Is there a dictionary that contains the function's parameters in Python?

Question

I'd like to be able to get a dictionary of all the parameters passed to a function.

def myfunc( param1, param2, param3 ):
    print 'Param1=%(param1)s, Param2=%(param2)s Param3=%(param3)' % __method_param_dict__

So my question is does the dictionary method_param_dict exist, and if so what is it called.

Thanks

Answer 1

If you need to do that, you should use *args and **kwargs.

def foo(*args, **kwargs):
   print args
   print kwargs

foo(1,2,3,four=4,five=5)
# prints [1,2,3] and {'four':4, 'five':5}

Using locals() is also a possibility and will allow you to iterate through the names of position arguments, but you must remember to access it before defining any new names in the scope, and you should be aware that it will include self for methods.

Answer 2

If you want to accept variable parameters, you can use *args and **kwargs.

*args is a list of all non-keyword parameters. **kwargs is a dictionary of all keyword parameters.

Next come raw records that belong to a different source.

lemma card_graphs_with_non_tree_edges_le:
  assumes v: "v \<in> bip_vertices n m" and e: "1 \<le> e" "e \<le> 2"
  shows "real (card {E \<in> biregular_graphs m n s t.
      \<exists>X \<subseteq> non_tree_edges E v (2 * L + 1). finite X \<and> card X = e})
    \<le> excess_bound e (real n) * real (card (biregular_graphs m n s t))"
proof -
  define r where "r = 2 * L + 1"
  define P where "P = 2 * e * (r + 1)"
  define h where "h = P - 1 + e"
  define q where "q = switching_ratio n s t h"
  have "e = 1 \<or> e = 2" using e by linarith
  then have "h \<le> 18 * L" using L_ge_1 by (auto simp: h_def P_def r_def)
  then have "real h \<le> 18 * ln (real n)" using L_le_ln_n by linarith
  note ratio = switching_ratio_le[OF this]
  have q: "0 \<le> q" "q \<le> 2 * real s / real n" using ratio(2) by (simp_all add: q_def switching_ratio_def)
  have "real (n + m) * q \<le> 2 * real n * (2 * real s / real n)"
    using m_le_n q by (intro mult_mono) auto
  also have "\<dots> = 4 * real s" using n_ge_2 by simp
  finally have nm_q: "real (n + m) * q \<le> 4 * real s" .
  have "real (card {E \<in> biregular_graphs m n s t. \<exists>X \<subseteq> non_tree_edges E v r. finite X \<and> card X = e})
      \<le> (\<Sum>p = 1..P. real (card (witnesses n m v e p)) * q ^ (p - 1 + e)) * real (card (biregular_graphs m n s t))"
    unfolding q_def
  proof (rule card_graphs_with_witness_le[OF _ _ _ ratio(1)])
    fix E assume "E \<in> {E \<in> biregular_graphs m n s t. \<exists>X \<subseteq> non_tree_edges E v r. finite X \<and> card X = e}"
    then obtain X where E: "E \<in> biregular_graphs m n s t"
      and X: "X \<subseteq> non_tree_edges E v r" "finite X" "card X = e" by blast
    then have "X \<noteq> {}" using e by auto
    then show "\<exists>p W f g. 1 \<le> p \<and> p \<le> P \<and> (W, f, g) \<in> witnesses n m v e p
        \<and> witness_edges v e W f g \<subseteq> bip_edges E"
      using non_tree_edges_witness[OF biregular_graphs_subset[OF E] v X(1,2)] unfolding X(3) P_def
      by blast
  qed (auto simp: h_def)
  also have "\<dots> \<le> real P * (exp (real P) * (4 * real s) ^ P * real P ^ (2 * e) * q ^ e)
      * real (card (biregular_graphs m n s t))"
    using s_ge_4 by (intro mult_right_mono witness_sum_le[OF v q(1) nm_q]) auto
  also have "\<dots> \<le> excess_bound e (real n) * real (card (biregular_graphs m n s t))"
    by (intro mult_right_mono excess_factor_le[OF e q]) (auto simp: P_def r_def)
  finally show ?thesis by (simp add: r_def)
qed
lemma opnorm_diff_adj_le_numrad:
  fixes B C :: "'a::chilbert_space \<Rightarrow> 'a"
  assumes B: "cbounded_linear B" and C: "cbounded_linear C"
  shows "opnorm (\<lambda>x. B x - adj C x) \<le> 2 * numrad (opmatrix (\<lambda>_. 0) B C (\<lambda>_. 0))"
proof (rule opnorm_le_cinner_bound)
  fix y z :: 'a assume y: "cnorm y \<le> 1" and z: "cnorm z \<le> 1"
  define a b where "a = cinner (B y) z" and "b = cinner (C z) y"
  define \<omega> where "\<omega> = \<i> * cnj (sgn (a - cnj b))"
  have "cmod (cinner (B y - adj C y) z) = cmod (a - cnj b)"
    by (simp add: a_def b_def cinner_diff_left cinner_adj_left[OF C] cinner_commute[of y])
  also have "\<dots> = Im (\<omega> * (a - cnj b))"
    unfolding \<omega>_def mult.assoc cnj_sgn_mult_self by simp
  also have "\<dots> = Im (\<omega> * a + cnj \<omega> * b)"
    by (simp add: algebra_simps)
  also have "\<dots> \<le> cmod (\<omega> * a + cnj \<omega> * b)"
    using abs_Im_le_cmod by (rule order_trans[OF abs_ge_self])
  also have "\<dots> \<le> 2 * numrad (opmatrix (\<lambda>_. 0) B C (\<lambda>_. 0))"
    unfolding a_def b_def
    by (rule cinner_offdiag_le_numrad[OF B C y z]) (simp add: \<omega>_def norm_mult norm_sgn)
  finally show "cmod (cinner (B y - adj C y) z) \<le> 2 * numrad (opmatrix (\<lambda>_. 0) B C (\<lambda>_. 0))" .
qed

lemma adj_add_adj:
  fixes B C :: "'a::chilbert_space \<Rightarrow> 'a"
  assumes "cbounded_linear B" "cbounded_linear C"
  shows "adj (\<lambda>x. B x + adj C x) = (\<lambda>y. adj B y + C y)"
  by (rule adj_unique)
    (simp add: cinner_add_left cinner_add_right cinner_adj_right[OF assms(1)] cinner_adj_left[OF assms(2)])

lemma adj_diff_adj:
  fixes B C :: "'a::chilbert_space \<Rightarrow> 'a"
  assumes "cbounded_linear B" "cbounded_linear C"
  shows "adj (\<lambda>x. B x - adj C x) = (\<lambda>y. adj B y - C y)"
  by (rule adj_unique)
    (simp add: cinner_diff_left cinner_diff_right cinner_adj_right[OF assms(1)] cinner_adj_left[OF assms(2)])

lemma cnorm_adj_gram_add_le:
  fixes S D :: "'a::chilbert_space \<Rightarrow> 'a"
  assumes S: "cbounded_linear S" and D: "cbounded_linear D"
  shows "cnorm (adj S (S x) + adj D (D x)) \<le> ((opnorm S)\<^sup>2 + (opnorm D)\<^sup>2) * cnorm x"
proof -
  have "cnorm (adj S (S x) + adj D (D x)) \<le> opnorm S * cnorm (S x) + opnorm D * cnorm (D x)"
    using cnorm_triangle_ineq cnorm_adj_le[OF S] cnorm_adj_le[OF D] by (meson add_mono order_trans)
  also have "\<dots> \<le> opnorm S * (opnorm S * cnorm x) + opnorm D * (opnorm D * cnorm x)"
    by (intro add_mono mult_left_mono cnorm_le_opnorm opnorm_nonneg S D)
  finally show ?thesis by (simp add: power2_eq_square algebra_simps)
qed

lemma cnorm_gram_adj_add_le:
  fixes S D :: "'a::chilbert_space \<Rightarrow> 'a"
  assumes S: "cbounded_linear S" and D: "cbounded_linear D"
  shows "cnorm (S (adj S x) + D (adj D x)) \<le> ((opnorm S)\<^sup>2 + (opnorm D)\<^sup>2) * cnorm x"
proof -
  have "cnorm (S (adj S x) + D (adj D x)) \<le> opnorm S * cnorm (adj S x) + opnorm D * cnorm (adj D x)"
    using cnorm_triangle_ineq cnorm_le_opnorm[OF S] cnorm_le_opnorm[OF D] by (meson add_mono order_trans)
  also have "\<dots> \<le> opnorm S * (opnorm S * cnorm x) + opnorm D * (opnorm D * cnorm x)"
    by (intro add_mono mult_left_mono cnorm_adj_le opnorm_nonneg S D)
  finally show ?thesis by (simp add: power2_eq_square algebra_simps)
qed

So:

def myfunc(*args, **kwargs):
    if args:
       print args
    if kwargs:
       print kwargs


>>> myfunc('hello', 'goodbye')
('hello', 'goodbye')

>>> myfunc(param1='hello', param2='goodbye')
{'param1': 'param2', 'param2': 'goodbye'}

Answer 3

A solution for your specific example:

def myfunc(param1, param2, param3):
    dict_param = locals()

But be sure to have a look at this article for a complete explanation of the possiblities (args, kwargs, mixed etc...)

Answer 4

You can do:

def myfunc(*args, **kwargs):
  # Now "args" is a list containing the parameters passed
  print args[0], args[1], args[2]

  # And "kwargs" is a dictionary mapping the parameter names passed to their values
  for key, value in kwargs.items():
    print key, value